::: Task material :::

lemma leibniz_derivs:
  fixes f g :: "nat \<Rightarrow> real \<Rightarrow> real"
  assumes f: "\<And>m. (f m has_real_derivative f (Suc m) t) (at t)"
      and g: "\<And>m. (g m has_real_derivative g (Suc m) t) (at t)"
  shows "((\<lambda>t. \<Sum>i\<le>n. real (n choose i) * f i t * g (n - i) t) has_real_derivative
           (\<Sum>i\<le>Suc n. real (Suc n choose i) * f i t * g (Suc n - i) t)) (at t)"
proof -
  have "((\<lambda>t. \<Sum>i\<le>n. real (n choose i) * f i t * g (n - i) t) has_real_derivative
           (\<Sum>i\<le>n. real (n choose i) * (f (Suc i) t * g (n - i) t + f i t * g (Suc (n - i)) t))) (at t)"
    by (intro DERIV_sum) (auto intro!: derivative_eq_intros f g simp: algebra_simps)
  also have "(\<Sum>i\<le>n. real (n choose i) * (f (Suc i) t * g (n - i) t + f i t * g (Suc (n - i)) t))
     = (\<Sum>i\<le>Suc n. real (Suc n choose i) * f i t * g (Suc n - i) t)"
  proof -
    have A: "(\<Sum>i\<le>Suc n. real (if i = 0 then 0 else n choose (i - 1)) * f i t * g (Suc n - i) t)
        = (\<Sum>i\<le>n. real (n choose i) * f (Suc i) t * g (n - i) t)"
      by (subst sum.atMost_Suc_shift) simp
    have B: "(\<Sum>i\<le>Suc n. real (n choose i) * f i t * g (Suc n - i) t)
        = (\<Sum>i\<le>n. real (n choose i) * f i t * g (Suc (n - i)) t)"
      by (simp add: Suc_diff_le)
    have "(\<Sum>i\<le>Suc n. real (Suc n choose i) * f i t * g (Suc n - i) t)
        = (\<Sum>i\<le>Suc n. real (n choose i) * f i t * g (Suc n - i) t)
          + (\<Sum>i\<le>Suc n. real (if i = 0 then 0 else n choose (i - 1)) * f i t * g (Suc n - i) t)"
      by (subst sum.distrib[symmetric]) (intro sum.cong refl, simp add: binomial_Suc_split algebra_simps)
    then show ?thesis unfolding A B by (simp add: sum.distrib algebra_simps)
  qed
  finally show ?thesis .
qed

definition pow_derivs :: "real \<Rightarrow> nat \<Rightarrow> real \<Rightarrow> real" where
  "pow_derivs q m w = (\<Prod>i<m. (q - real i)) * (1 + w) powr (q - real m)"

lemma pow_derivs_deriv:
  assumes "-1 < w"
  shows "(pow_derivs q m has_real_derivative pow_derivs q (Suc m) w) (at w)"
proof -
  have "((\<lambda>w. (\<Prod>i<m. (q - real i)) * (1 + w) powr (q - real m)) has_real_derivative
      (\<Prod>i<m. (q - real i)) * ((q - real m) * (1 + w) powr (q - real m - 1))) (at w)"
    using assms by (auto intro!: derivative_eq_intros)
  moreover have "(\<Prod>i<m. (q - real i)) * ((q - real m) * (1 + w) powr (q - real m - 1)) = pow_derivs q (Suc m) w"
    by (simp add: pow_derivs_def algebra_simps)
  ultimately show ?thesis unfolding pow_derivs_def[abs_def] by simp
qed

definition exp_derivs :: "nat \<Rightarrow> real \<Rightarrow> real" where
  "exp_derivs m w = 2 ^ m * exp (2 * w)"

lemma exp_derivs_deriv: "(exp_derivs m has_real_derivative exp_derivs (Suc m) w) (at w)"
  unfolding exp_derivs_def[abs_def] by (auto intro!: derivative_eq_intros)

definition gq :: "real \<Rightarrow> real \<Rightarrow> real" where
  "gq q w = (1 + w) powr q * exp (2 * w)"

definition gq_derivs :: "real \<Rightarrow> nat \<Rightarrow> real \<Rightarrow> real" where
  "gq_derivs q n w = (\<Sum>i\<le>n. real (n choose i) * pow_derivs q i w * exp_derivs (n - i) w)"

lemma gq_derivs_deriv: "-1 < w \<Longrightarrow> (gq_derivs q n has_real_derivative gq_derivs q (Suc n) w) (at w)"
  unfolding gq_derivs_def[abs_def] by (rule leibniz_derivs[where f="pow_derivs q" and g=exp_derivs, OF pow_derivs_deriv exp_derivs_deriv])

lemma gq_derivs_0: "gq_derivs q 0 = gq q"
  by (simp add: fun_eq_iff gq_derivs_def gq_def pow_derivs_def exp_derivs_def)

definition gq_coeff :: "real \<Rightarrow> nat \<Rightarrow> real" where
  "gq_coeff q i = gq_derivs q i 0 / fact i"

lemma gq_coeff_0: "gq_coeff q 0 = 1"
  by (simp add: gq_coeff_def gq_derivs_0 gq_def)

text \<open>Taylor's theorem with Lagrange remainder, and continuity of \<open>g\<^sub>q\<^sup>(\<^sup>N\<^sup>+\<^sup>1\<^sup>)\<close> on \<open>[0,b]\<close>.\<close>

lemma gq_taylor_remainder_bounded:
  assumes b: "0 < b"
  shows "\<exists>B. \<forall>w. 0 < w \<and> w < b \<longrightarrow> \<bar>(gq q w - (\<Sum>i\<le>N. gq_coeff q i * w ^ i)) / w ^ Suc N\<bar> \<le> B"
proof -
  have "continuous_on {0..b} (gq_derivs q (Suc N))"
    by (intro continuous_at_imp_continuous_on ballI DERIV_isCont[OF gq_derivs_deriv]) auto
  then have "bounded (gq_derivs q (Suc N) ` {0..b})"
    by (intro compact_imp_bounded compact_continuous_image) auto
  then obtain B where B: "\<And>t. t \<in> {0..b} \<Longrightarrow> \<bar>gq_derivs q (Suc N) t\<bar> \<le> B"
    unfolding bounded_real by (metis image_eqI)
  show ?thesis
  proof (intro exI[of _ B] allI impI)
    fix w assume w: "0 < w \<and> w < b"
    obtain t where t: "0 < t" "t < w"
      "gq q w = (\<Sum>m<Suc N. gq_derivs q m 0 / fact m * w ^ m) + gq_derivs q (Suc N) t / fact (Suc N) * w ^ Suc N"
      using Maclaurin[of w "Suc N" "gq_derivs q" "gq q"] w gq_derivs_0 gq_derivs_deriv by auto
    have "(\<Sum>m<Suc N. gq_derivs q m 0 / fact m * w ^ m) = (\<Sum>i\<le>N. gq_coeff q i * w ^ i)"
      unfolding gq_coeff_def lessThan_Suc_atMost by simp
    then have "(gq q w - (\<Sum>i\<le>N. gq_coeff q i * w ^ i)) / w ^ Suc N = gq_derivs q (Suc N) t / fact (Suc N)"
      using t w by simp
    moreover have "\<bar>gq_derivs q (Suc N) t / fact (Suc N)\<bar> \<le> \<bar>gq_derivs q (Suc N) t\<bar>"
      using fact_ge_1[of "Suc N", where 'a=real] by (simp add: divide_le_eq mult_le_cancel_left1)
    moreover have "\<bar>gq_derivs q (Suc N) t\<bar> \<le> B" using B t w by auto
    ultimately show "\<bar>(gq q w - (\<Sum>i\<le>N. gq_coeff q i * w ^ i)) / w ^ Suc N\<bar> \<le> B" by simp
  qed
qed

lemma powr_tail_integral:
  fixes b s :: real
  assumes b: "0 < b" and s: "0 < s"
  shows "integrable lborel (\<lambda>w. indicator {b<..} w * w powr (-1 - s))"
    and "(\<integral>w. indicator {b<..} w * w powr (-1 - s) \<partial>lborel) = b powr (- s) / s"
proof -
  let ?F = "\<lambda>w. - (w powr (- s)) / s"
  have d: "(?F has_real_derivative w powr (-1 - s)) (at w)" if "ereal b < ereal w" for w
  proof -
    have w: "0 < w" using that b by simp
    have "(?F has_real_derivative - ((- s) * w powr (- s - 1)) / s) (at w)"
      using w by (auto intro!: derivative_eq_intros)
    moreover have "- ((- s) * w powr (- s - 1)) / s = w powr (-1 - s)"
    proof -
      have e: "- s - 1 = -1 - s" by simp
      show ?thesis using s unfolding e by simp
    qed
    ultimately show ?thesis by simp
  qed
  have c: "isCont (\<lambda>w. w powr (-1 - s)) w" if "ereal b < ereal w" for w
    using that b by (auto intro!: continuous_intros)
  have A: "((?F \<circ> real_of_ereal) \<longlongrightarrow> ?F b) (at_right (ereal b))"
    unfolding ereal_tendsto_simps using b s by (intro tendsto_intros) auto
  have B: "((?F \<circ> real_of_ereal) \<longlongrightarrow> 0) (at_left \<infinity>)"
  proof -
    have "((\<lambda>w. w powr (- s)) \<longlongrightarrow> 0) at_top"
      using s by (intro tendsto_neg_powr filterlim_ident) auto
    then have "(?F \<longlongrightarrow> - 0 / s) at_top" using s by (intro tendsto_intros) auto
    then show ?thesis unfolding ereal_tendsto_simps by simp
  qed
  have r: "set_integrable lborel (einterval (ereal b) \<infinity>) (\<lambda>w. w powr (-1 - s))"
    "(LBINT w=ereal b..\<infinity>. w powr (-1 - s)) = 0 - ?F b"
    using interval_integral_FTC_nonneg[of "ereal b" \<infinity> ?F "\<lambda>w. w powr (-1 - s)" "?F b" 0] d c A B
    by auto
  show "integrable lborel (\<lambda>w. indicator {b<..} w * w powr (-1 - s))"
    using r(1) by (simp add: set_integrable_def)
  show "(\<integral>w. indicator {b<..} w * w powr (-1 - s) \<partial>lborel) = b powr (- s) / s"
    using r(2) by (simp add: interval_lebesgue_integral_def set_lebesgue_integral_def)
qed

:::

__Exercise description__: Only the lines above from the line with "m has_real_derivative exp_derivs" to the line with "by (intro continuous_at_imp_continuous_on", those two lines included, should be reproduced exactly.

__Task output__:
lemma exp_derivs_deriv: "(exp_derivs m has_real_derivative exp_derivs (Suc m) w) (at w)"
  unfolding exp_derivs_def[abs_def] by (auto intro!: derivative_eq_intros)

definition gq :: "real \<Rightarrow> real \<Rightarrow> real" where
  "gq q w = (1 + w) powr q * exp (2 * w)"

definition gq_derivs :: "real \<Rightarrow> nat \<Rightarrow> real \<Rightarrow> real" where
  "gq_derivs q n w = (\<Sum>i\<le>n. real (n choose i) * pow_derivs q i w * exp_derivs (n - i) w)"

lemma gq_derivs_deriv: "-1 < w \<Longrightarrow> (gq_derivs q n has_real_derivative gq_derivs q (Suc n) w) (at w)"
  unfolding gq_derivs_def[abs_def] by (rule leibniz_derivs[where f="pow_derivs q" and g=exp_derivs, OF pow_derivs_deriv exp_derivs_deriv])

lemma gq_derivs_0: "gq_derivs q 0 = gq q"
  by (simp add: fun_eq_iff gq_derivs_def gq_def pow_derivs_def exp_derivs_def)

definition gq_coeff :: "real \<Rightarrow> nat \<Rightarrow> real" where
  "gq_coeff q i = gq_derivs q i 0 / fact i"

lemma gq_coeff_0: "gq_coeff q 0 = 1"
  by (simp add: gq_coeff_def gq_derivs_0 gq_def)

text \<open>Taylor's theorem with Lagrange remainder, and continuity of \<open>g\<^sub>q\<^sup>(\<^sup>N\<^sup>+\<^sup>1\<^sup>)\<close> on \<open>[0,b]\<close>.\<close>

lemma gq_taylor_remainder_bounded:
  assumes b: "0 < b"
  shows "\<exists>B. \<forall>w. 0 < w \<and> w < b \<longrightarrow> \<bar>(gq q w - (\<Sum>i\<le>N. gq_coeff q i * w ^ i)) / w ^ Suc N\<bar> \<le> B"
proof -
  have "continuous_on {0..b} (gq_derivs q (Suc N))"
    by (intro continuous_at_imp_continuous_on ballI DERIV_isCont[OF gq_derivs_deriv]) auto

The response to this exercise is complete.